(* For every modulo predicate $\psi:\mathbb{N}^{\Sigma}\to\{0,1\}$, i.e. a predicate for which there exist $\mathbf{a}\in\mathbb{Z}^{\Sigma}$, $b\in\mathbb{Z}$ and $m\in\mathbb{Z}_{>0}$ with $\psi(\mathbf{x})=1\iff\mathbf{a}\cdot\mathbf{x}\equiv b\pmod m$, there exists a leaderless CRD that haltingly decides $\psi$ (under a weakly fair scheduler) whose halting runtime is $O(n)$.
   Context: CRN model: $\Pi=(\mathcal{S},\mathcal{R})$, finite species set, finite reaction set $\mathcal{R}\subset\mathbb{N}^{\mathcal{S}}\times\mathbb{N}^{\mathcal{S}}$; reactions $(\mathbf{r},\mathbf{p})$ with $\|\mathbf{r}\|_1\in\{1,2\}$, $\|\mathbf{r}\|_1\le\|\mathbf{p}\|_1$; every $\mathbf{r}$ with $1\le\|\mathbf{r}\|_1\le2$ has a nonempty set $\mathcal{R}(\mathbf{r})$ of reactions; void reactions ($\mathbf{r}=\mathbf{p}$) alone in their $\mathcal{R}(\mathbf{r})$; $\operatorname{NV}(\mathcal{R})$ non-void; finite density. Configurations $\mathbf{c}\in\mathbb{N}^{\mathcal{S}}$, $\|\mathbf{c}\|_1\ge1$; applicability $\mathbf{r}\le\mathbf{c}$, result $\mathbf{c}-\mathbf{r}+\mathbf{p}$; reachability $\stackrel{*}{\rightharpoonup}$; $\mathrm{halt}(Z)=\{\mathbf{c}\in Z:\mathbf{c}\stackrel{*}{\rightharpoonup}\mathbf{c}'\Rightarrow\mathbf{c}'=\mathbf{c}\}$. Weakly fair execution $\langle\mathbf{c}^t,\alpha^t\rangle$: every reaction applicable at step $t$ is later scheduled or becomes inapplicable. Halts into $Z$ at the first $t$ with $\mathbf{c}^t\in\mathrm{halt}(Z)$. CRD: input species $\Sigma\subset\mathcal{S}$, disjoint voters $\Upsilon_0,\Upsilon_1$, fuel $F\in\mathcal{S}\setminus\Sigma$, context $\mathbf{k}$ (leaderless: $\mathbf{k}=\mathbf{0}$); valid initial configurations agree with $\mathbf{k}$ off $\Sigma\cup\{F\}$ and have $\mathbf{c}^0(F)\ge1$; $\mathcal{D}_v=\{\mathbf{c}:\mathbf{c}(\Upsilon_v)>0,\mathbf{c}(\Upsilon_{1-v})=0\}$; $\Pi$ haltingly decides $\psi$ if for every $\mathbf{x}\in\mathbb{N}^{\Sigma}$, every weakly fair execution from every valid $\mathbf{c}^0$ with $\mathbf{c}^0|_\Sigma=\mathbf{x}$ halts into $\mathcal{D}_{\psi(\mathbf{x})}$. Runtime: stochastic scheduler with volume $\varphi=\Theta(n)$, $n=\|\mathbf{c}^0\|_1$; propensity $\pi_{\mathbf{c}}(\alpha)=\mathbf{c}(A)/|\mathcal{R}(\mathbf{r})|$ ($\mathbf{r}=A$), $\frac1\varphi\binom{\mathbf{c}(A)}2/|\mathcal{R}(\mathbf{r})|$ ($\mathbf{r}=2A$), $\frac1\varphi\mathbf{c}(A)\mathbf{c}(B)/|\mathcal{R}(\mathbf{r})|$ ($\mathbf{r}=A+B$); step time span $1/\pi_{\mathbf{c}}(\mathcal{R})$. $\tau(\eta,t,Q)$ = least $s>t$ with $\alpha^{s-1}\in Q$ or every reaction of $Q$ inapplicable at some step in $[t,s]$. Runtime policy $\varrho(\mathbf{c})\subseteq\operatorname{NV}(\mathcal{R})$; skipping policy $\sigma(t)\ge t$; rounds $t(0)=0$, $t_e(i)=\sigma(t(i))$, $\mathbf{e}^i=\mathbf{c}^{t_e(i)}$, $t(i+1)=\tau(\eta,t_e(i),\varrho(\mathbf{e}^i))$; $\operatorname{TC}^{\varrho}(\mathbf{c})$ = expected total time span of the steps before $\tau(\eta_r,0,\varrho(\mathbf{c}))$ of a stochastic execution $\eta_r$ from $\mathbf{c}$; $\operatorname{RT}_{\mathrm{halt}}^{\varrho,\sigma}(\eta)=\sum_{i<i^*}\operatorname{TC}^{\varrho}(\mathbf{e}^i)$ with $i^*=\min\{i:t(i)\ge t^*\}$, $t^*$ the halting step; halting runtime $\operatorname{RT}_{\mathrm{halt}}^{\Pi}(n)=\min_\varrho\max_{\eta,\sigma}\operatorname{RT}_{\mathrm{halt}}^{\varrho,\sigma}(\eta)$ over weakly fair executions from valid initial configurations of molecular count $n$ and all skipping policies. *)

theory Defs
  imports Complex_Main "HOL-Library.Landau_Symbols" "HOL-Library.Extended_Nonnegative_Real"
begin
■ ■ ■ ■ ■ ■ ■
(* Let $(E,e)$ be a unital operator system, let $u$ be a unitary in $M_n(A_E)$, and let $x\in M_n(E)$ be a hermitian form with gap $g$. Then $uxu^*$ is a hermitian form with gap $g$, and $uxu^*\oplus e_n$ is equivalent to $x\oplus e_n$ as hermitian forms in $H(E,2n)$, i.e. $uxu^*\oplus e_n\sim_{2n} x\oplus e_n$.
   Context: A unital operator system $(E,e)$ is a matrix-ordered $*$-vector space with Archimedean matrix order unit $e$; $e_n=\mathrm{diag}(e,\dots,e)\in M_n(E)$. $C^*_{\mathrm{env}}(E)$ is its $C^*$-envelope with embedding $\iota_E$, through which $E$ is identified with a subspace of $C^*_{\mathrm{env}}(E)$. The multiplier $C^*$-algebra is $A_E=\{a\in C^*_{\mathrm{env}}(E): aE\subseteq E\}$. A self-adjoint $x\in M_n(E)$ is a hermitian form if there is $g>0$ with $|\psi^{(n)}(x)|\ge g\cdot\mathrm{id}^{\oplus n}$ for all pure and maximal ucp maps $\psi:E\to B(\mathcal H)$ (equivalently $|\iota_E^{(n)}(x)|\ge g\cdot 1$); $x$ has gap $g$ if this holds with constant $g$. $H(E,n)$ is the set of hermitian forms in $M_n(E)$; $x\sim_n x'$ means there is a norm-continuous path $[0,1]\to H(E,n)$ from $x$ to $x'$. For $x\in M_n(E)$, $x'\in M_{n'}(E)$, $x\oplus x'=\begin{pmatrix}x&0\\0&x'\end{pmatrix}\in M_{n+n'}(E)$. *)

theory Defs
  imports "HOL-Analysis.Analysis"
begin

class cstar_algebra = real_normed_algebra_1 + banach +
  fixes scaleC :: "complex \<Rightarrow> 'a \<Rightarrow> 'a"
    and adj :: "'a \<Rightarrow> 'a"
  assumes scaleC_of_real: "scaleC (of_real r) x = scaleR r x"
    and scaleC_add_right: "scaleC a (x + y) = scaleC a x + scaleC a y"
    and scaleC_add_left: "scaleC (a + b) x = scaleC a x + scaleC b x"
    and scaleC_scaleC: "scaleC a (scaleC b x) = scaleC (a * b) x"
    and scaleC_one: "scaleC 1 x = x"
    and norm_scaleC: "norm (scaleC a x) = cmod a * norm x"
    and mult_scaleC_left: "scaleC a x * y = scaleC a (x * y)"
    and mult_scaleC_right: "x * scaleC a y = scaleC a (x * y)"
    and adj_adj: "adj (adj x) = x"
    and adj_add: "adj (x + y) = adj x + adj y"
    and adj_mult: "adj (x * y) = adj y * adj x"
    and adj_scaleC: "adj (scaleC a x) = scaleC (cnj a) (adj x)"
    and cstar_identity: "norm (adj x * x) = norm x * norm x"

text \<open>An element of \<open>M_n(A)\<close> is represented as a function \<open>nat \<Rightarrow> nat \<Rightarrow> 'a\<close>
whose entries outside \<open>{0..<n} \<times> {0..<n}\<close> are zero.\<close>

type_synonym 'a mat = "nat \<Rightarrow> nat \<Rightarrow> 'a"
■ ■ ■ ■ ■ ■ ■
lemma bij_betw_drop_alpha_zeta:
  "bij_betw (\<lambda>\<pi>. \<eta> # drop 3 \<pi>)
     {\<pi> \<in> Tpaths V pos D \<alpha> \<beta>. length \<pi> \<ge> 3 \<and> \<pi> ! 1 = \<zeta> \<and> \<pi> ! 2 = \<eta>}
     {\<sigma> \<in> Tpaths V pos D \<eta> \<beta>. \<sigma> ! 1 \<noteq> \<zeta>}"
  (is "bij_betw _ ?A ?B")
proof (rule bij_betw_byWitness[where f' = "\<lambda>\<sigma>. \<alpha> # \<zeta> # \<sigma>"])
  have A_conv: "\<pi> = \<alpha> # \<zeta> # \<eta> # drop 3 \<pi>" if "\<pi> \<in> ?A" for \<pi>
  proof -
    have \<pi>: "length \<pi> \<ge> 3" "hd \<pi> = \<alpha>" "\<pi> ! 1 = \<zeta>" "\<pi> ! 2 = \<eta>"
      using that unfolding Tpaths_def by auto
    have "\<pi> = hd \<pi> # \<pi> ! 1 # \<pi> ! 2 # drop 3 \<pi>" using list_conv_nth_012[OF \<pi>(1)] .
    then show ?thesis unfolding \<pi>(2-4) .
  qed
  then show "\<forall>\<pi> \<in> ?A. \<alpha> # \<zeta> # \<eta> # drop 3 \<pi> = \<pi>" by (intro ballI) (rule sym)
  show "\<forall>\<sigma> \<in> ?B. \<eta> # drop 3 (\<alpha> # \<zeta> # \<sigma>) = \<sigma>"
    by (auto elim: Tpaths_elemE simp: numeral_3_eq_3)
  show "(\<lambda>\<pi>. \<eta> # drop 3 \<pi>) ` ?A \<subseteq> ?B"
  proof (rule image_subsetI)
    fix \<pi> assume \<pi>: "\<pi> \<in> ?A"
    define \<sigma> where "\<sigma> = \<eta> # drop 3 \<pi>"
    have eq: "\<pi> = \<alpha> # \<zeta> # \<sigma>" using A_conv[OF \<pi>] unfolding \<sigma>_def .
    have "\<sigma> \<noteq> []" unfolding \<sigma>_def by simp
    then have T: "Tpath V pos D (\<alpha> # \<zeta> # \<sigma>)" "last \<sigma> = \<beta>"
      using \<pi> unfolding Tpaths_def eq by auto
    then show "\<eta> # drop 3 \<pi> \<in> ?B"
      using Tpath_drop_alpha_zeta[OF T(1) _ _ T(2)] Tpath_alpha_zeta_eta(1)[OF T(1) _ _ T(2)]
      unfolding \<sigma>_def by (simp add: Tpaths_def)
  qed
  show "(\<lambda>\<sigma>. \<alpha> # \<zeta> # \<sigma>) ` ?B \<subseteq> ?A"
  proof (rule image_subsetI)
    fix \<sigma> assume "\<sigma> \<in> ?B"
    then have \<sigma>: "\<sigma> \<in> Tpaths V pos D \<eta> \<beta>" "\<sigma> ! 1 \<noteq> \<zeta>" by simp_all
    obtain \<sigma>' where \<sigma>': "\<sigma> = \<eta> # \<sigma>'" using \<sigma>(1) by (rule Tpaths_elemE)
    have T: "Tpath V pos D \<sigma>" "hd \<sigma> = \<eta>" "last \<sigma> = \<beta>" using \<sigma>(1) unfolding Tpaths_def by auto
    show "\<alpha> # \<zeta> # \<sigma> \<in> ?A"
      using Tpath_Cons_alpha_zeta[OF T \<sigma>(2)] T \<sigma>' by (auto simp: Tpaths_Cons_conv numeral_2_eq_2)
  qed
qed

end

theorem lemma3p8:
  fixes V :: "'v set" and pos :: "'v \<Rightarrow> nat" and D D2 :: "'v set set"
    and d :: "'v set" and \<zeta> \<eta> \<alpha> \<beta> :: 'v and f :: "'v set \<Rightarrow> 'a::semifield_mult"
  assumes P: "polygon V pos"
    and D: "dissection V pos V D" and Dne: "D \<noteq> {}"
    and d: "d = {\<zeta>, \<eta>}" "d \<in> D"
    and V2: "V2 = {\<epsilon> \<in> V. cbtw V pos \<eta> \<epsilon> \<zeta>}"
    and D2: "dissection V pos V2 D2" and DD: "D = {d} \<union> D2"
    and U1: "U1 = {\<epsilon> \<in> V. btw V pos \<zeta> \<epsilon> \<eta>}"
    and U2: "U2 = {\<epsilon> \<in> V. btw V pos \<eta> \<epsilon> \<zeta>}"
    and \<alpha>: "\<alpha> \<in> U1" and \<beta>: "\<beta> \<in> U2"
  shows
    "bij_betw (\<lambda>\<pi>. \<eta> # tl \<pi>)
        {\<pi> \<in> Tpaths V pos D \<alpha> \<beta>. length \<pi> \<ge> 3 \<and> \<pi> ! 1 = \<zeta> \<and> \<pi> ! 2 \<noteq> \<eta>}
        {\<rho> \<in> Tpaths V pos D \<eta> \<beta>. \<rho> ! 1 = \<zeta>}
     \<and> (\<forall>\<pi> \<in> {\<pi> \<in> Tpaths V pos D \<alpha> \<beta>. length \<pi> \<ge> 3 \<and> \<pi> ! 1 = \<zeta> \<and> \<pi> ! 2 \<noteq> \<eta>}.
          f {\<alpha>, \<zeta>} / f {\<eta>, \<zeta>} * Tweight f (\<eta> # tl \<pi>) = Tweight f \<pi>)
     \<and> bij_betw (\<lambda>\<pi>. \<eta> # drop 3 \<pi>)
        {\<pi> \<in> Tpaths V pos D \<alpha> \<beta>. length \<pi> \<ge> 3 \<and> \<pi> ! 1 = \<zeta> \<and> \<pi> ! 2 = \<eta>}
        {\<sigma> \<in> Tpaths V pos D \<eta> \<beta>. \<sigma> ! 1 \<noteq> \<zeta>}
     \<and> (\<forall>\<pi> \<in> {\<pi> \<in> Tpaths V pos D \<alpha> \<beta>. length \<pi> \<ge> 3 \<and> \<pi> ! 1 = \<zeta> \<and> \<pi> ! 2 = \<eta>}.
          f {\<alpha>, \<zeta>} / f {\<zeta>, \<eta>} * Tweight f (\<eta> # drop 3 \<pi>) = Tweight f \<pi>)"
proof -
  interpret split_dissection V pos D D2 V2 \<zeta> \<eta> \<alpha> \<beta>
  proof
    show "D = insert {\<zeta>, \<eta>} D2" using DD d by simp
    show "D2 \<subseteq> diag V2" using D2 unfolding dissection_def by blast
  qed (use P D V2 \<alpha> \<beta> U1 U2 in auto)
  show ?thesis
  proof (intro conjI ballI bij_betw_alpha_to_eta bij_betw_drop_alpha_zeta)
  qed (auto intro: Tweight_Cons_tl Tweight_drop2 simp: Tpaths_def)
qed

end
■ ■ ■ ■ ■ ■ ■
Please write out, exactly as they appear above, only the lines in the stretch from the line with "list_conv_nth_012[OF \<pi>(1)] ." through the line with "obtain \<sigma>' where".

    have "\<pi> = hd \<pi> # \<pi> ! 1 # \<pi> ! 2 # drop 3 \<pi>" using list_conv_nth_012[OF \<pi>(1)] .
    then show ?thesis unfolding \<pi>(2-4) .
  qed
  then show "\<forall>\<pi> \<in> ?A. \<alpha> # \<zeta> # \<eta> # drop 3 \<pi> = \<pi>" by (intro ballI) (rule sym)
  show "\<forall>\<sigma> \<in> ?B. \<eta> # drop 3 (\<alpha> # \<zeta> # \<sigma>) = \<sigma>"
    by (auto elim: Tpaths_elemE simp: numeral_3_eq_3)
  show "(\<lambda>\<pi>. \<eta> # drop 3 \<pi>) ` ?A \<subseteq> ?B"
  proof (rule image_subsetI)
    fix \<pi> assume \<pi>: "\<pi> \<in> ?A"
    define \<sigma> where "\<sigma> = \<eta> # drop 3 \<pi>"
    have eq: "\<pi> = \<alpha> # \<zeta> # \<sigma>" using A_conv[OF \<pi>] unfolding \<sigma>_def .
    have "\<sigma> \<noteq> []" unfolding \<sigma>_def by simp
    then have T: "Tpath V pos D (\<alpha> # \<zeta> # \<sigma>)" "last \<sigma> = \<beta>"
      using \<pi> unfolding Tpaths_def eq by auto
    then show "\<eta> # drop 3 \<pi> \<in> ?B"
      using Tpath_drop_alpha_zeta[OF T(1) _ _ T(2)] Tpath_alpha_zeta_eta(1)[OF T(1) _ _ T(2)]
      unfolding \<sigma>_def by (simp add: Tpaths_def)
  qed
  show "(\<lambda>\<sigma>. \<alpha> # \<zeta> # \<sigma>) ` ?B \<subseteq> ?A"
  proof (rule image_subsetI)
    fix \<sigma> assume "\<sigma> \<in> ?B"
    then have \<sigma>: "\<sigma> \<in> Tpaths V pos D \<eta> \<beta>" "\<sigma> ! 1 \<noteq> \<zeta>" by simp_all
    obtain \<sigma>' where \<sigma>': "\<sigma> = \<eta> # \<sigma>'" using \<sigma>(1) by (rule Tpaths_elemE)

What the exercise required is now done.